“Cold does not kill people, Lack of Clothing does”
Winters can be very harsh especially in northern India. On chilling winter nights when most of us are cuddled up in our cozy warm beds and quilts, many children lie almost naked on roadsides with the sky as their only cover.
The news of people dying on the roads are not uncommon, once the cold gets severe. Stats reveal that cold waves are the second biggest cause for deaths in the country, after lightning strikes. According to figures, 826 people died every year due to harsh winters in India till 2007. This number exhibited a rise after 2007 due to the dropping winter temperatures in the upcoming years. As many as 10,740 people died from exposure to cold between 2002 and 2012. Hundreds of winter deaths a year are considered clearly no cause for alarm and nobody bothers to get to the root cause.
Sadly, these deaths are rarely reported or this number could be even higher.
“Around 800 people die every year in India due to cold waves.”
Winters are no less than a natural disaster for people who are compelled to sleep on the streets in tattered clothes.
“More People Die due to lack of clothing than due to Natural disasters”
Think of those who hardly have full-sized clothing to cover their skin exposed to the chill of the harsh winter air. Threadbare and torn clothes are the most evident sign of poverty. Besides being the first visible sign of poverty, lack of clothing is also the reason people succumb to cold waves.
“Most poor people have 1 or 2 pieces of clothing.”
Many poor households have no quilts or mattresses.
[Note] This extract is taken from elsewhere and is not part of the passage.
(* In a $\mathsf{B3}$-category, $\Pi_{\mathbf f}=e_1=e_2=\amalg_{\mathbf t}$, where $e_1=\rho_{\mathbf t}\circ(\check\lambda_{\mathbf t}\wedge\check\rho_{\mathbf t})\circ m_{\mathbf f,\mathbf t,\mathbf t,\mathbf f}\circ(\rho_{\mathbf f}^{-1}\vee\lambda_{\mathbf f}^{-1})\circ\check\lambda_{\mathbf f}^{-1}$ and $e_2=\rho_{\mathbf t}\circ(\check\rho_{\mathbf t}\wedge\check\lambda_{\mathbf t})\circ m_{\mathbf t,\mathbf f,\mathbf f,\mathbf t}\circ(\lambda_{\mathbf f}^{-1}\vee\rho_{\mathbf f}^{-1})\circ\check\lambda_{\mathbf f}^{-1}$ (maps $\mathbf f\to\mathbf t$). In particular every $\mathsf{B3}$-category is single-mixed.
   Context: A *-autonomous category is a symmetric monoidal category $(\mathcal C,\wedge,\mathbf t)$ with natural isomorphisms $\alpha,\sigma$, $\rho_A\colon A\wedge\mathbf t\to A$, $\lambda_A\colon\mathbf t\wedge A\to A$, a contravariant functor $A\mapsto\bar A$ with natural isomorphism $\bar{\bar A}\cong A$, and a natural bijection $\mathrm{Hom}(A\wedge B,C)\cong\mathrm{Hom}(A,\bar B\vee C)$, where $A\vee B:=\overline{\bar B\wedge\bar A}$, $\mathbf f:=\bar{\mathbf t}$; $\vee$ is symmetric monoidal with unit isomorphisms $\check\rho_A\colon A\vee\mathbf f\to A$, $\check\lambda_A\colon\mathbf f\vee A\to A$. A $\mathsf{B1}$-category is a *-autonomous category such that (1) there is a Boolean algebra $\mathcal B$ and a function $F$ from objects to $\mathcal B$ with $F(A)\le F(B)$ iff $\mathrm{Hom}(A,B)\ne\emptyset$, and (2) every object $A$ carries a cocommutative $\wedge$-comonoid $\Delta_A\colon A\to A\wedge A$, $\Pi_A\colon A\to\mathbf t$; dually each object has a commutative $\vee$-monoid $\nabla_A\colon A\vee A\to A$, $\amalg_A\colon\mathbf f\to A$ (duals of $\Delta_{\bar A},\Pi_{\bar A}$). A $\mathsf{B2}$-category is a $\mathsf{B1}$-category with $\Pi_{\mathbf t}=\mathrm{id}_{\mathbf t}$ and $\Delta_{A\wedge B}=(A\wedge\sigma_{A,B}\wedge B)\circ(\Delta_A\wedge\Delta_B)$ (modulo associativity). A $\mathsf{B3}$-category is a $\mathsf{B2}$-category with: a medial map $m_{A,B,C,D}\colon(A\wedge B)\vee(C\wedge D)\to(A\vee C)\wedge(B\vee D)$ for all $A,B,C,D$, natural in all arguments, self-dual ($\overline{m_{A,B,C,D}}$ corresponds to $m_{\bar D,\bar B,\bar C,\bar A}$ under canonical isomorphisms), with $\Delta_{A\vee B}=m_{A,A,B,B}\circ(\Delta_A\vee\Delta_B)$; a nullary medial $\mathrm{nm}\colon\mathbf t\vee\mathbf t\to\mathbf t$ with $\Pi_{A\vee B}=\mathrm{nm}\circ(\Pi_A\vee\Pi_B)$ for all $A,B$; and $\Pi_{\mathbf t\vee\mathbf t}=\mathrm{nm}=\nabla_{\mathbf t}$. A $\mathsf{B1}$-category is single-mixed if $\Pi_{\mathbf f}=\amalg_{\mathbf t}$. *)

theory Defs
  imports Main
begin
They fill a sack with dried grass/husk and sleep on it with a fire burning right next to it.
Most have shacks or tents for homes and rags for clothes.
For people who often don’t even have enough to eat, Clothing is usually a secondary struggle. These people either put their lives in danger of these fires, or remain awake the whole night next to the community fireplace going to sleep only in the morning. This often costs their income and livelihood.
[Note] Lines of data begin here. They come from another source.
lemma rot_symmetric_image_subset:
  fixes H K :: "(real^'n) set"
  assumes H: "subspace H" and sym: "rot_symmetric H K"
    and f: "orthogonal_transformation f" "\<And>x. x \<in> H \<Longrightarrow> f x = x"
  shows "f ` K \<subseteq> K"
proof
  fix z assume "z \<in> f ` K"
  then obtain y where y: "y \<in> K" "z = f y" by blast
  have "y \<in> H + H\<^sup>\<bottom>" using subspace_sum_orthogonal_comp[OF H] by simp
  then obtain x v where "y = x + v" and x: "x \<in> H" and v: "v \<in> H\<^sup>\<bottom>"
    by (rule set_plus_elim)
  then have y_eq: "y = v + x" by (simp add: add.commute)
  have "y \<bullet> f v = 0" if "y \<in> H" for y
  proof -
    have "y \<bullet> f v = f y \<bullet> f v" using f(2)[OF that] by simp
    also have "\<dots> = y \<bullet> v" using f(1) by (simp add: orthogonal_transformation_def)
    also have "\<dots> = 0" using v that by (simp add: orthogonal_comp_def orthogonal_def)
    finally show ?thesis .
  qed
  then have fv: "f v \<in> H\<^sup>\<bottom>" by (simp add: orthogonal_comp_def orthogonal_def)
  have "norm v = norm (f v)"
    using f(1) by (simp add: orthogonal_transformation_norm)
  moreover have "v + x \<in> K" using y(1) y_eq by simp
  ultimately have "f v + x \<in> K"
    using sym x v fv unfolding rot_symmetric_iff by blast
  moreover have "f y = f v + x"
    using y_eq f(2)[OF x] orthogonal_transformation_linear[OF f(1)] by (simp add: linear_add)
  ultimately show "z \<in> K" using y(2) by simp
qed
We believe that all of humanity has a fundamental right upon the resources of the Earth.
All of us are aware of the wide gap between the rich and poor in our society. We look forward to bridge this gap. Each household contains clothes that are either totally discarded or no longer used.
“What’s waste for you might be as good as new for somebody else”
We are running ‘Clothes Collection Drives’ all over the city. Our volunteers personally visit and collect the clothes at the donor’s doorstep. If the spare clothes lying in our houses can save some lives, what better way is there to use them.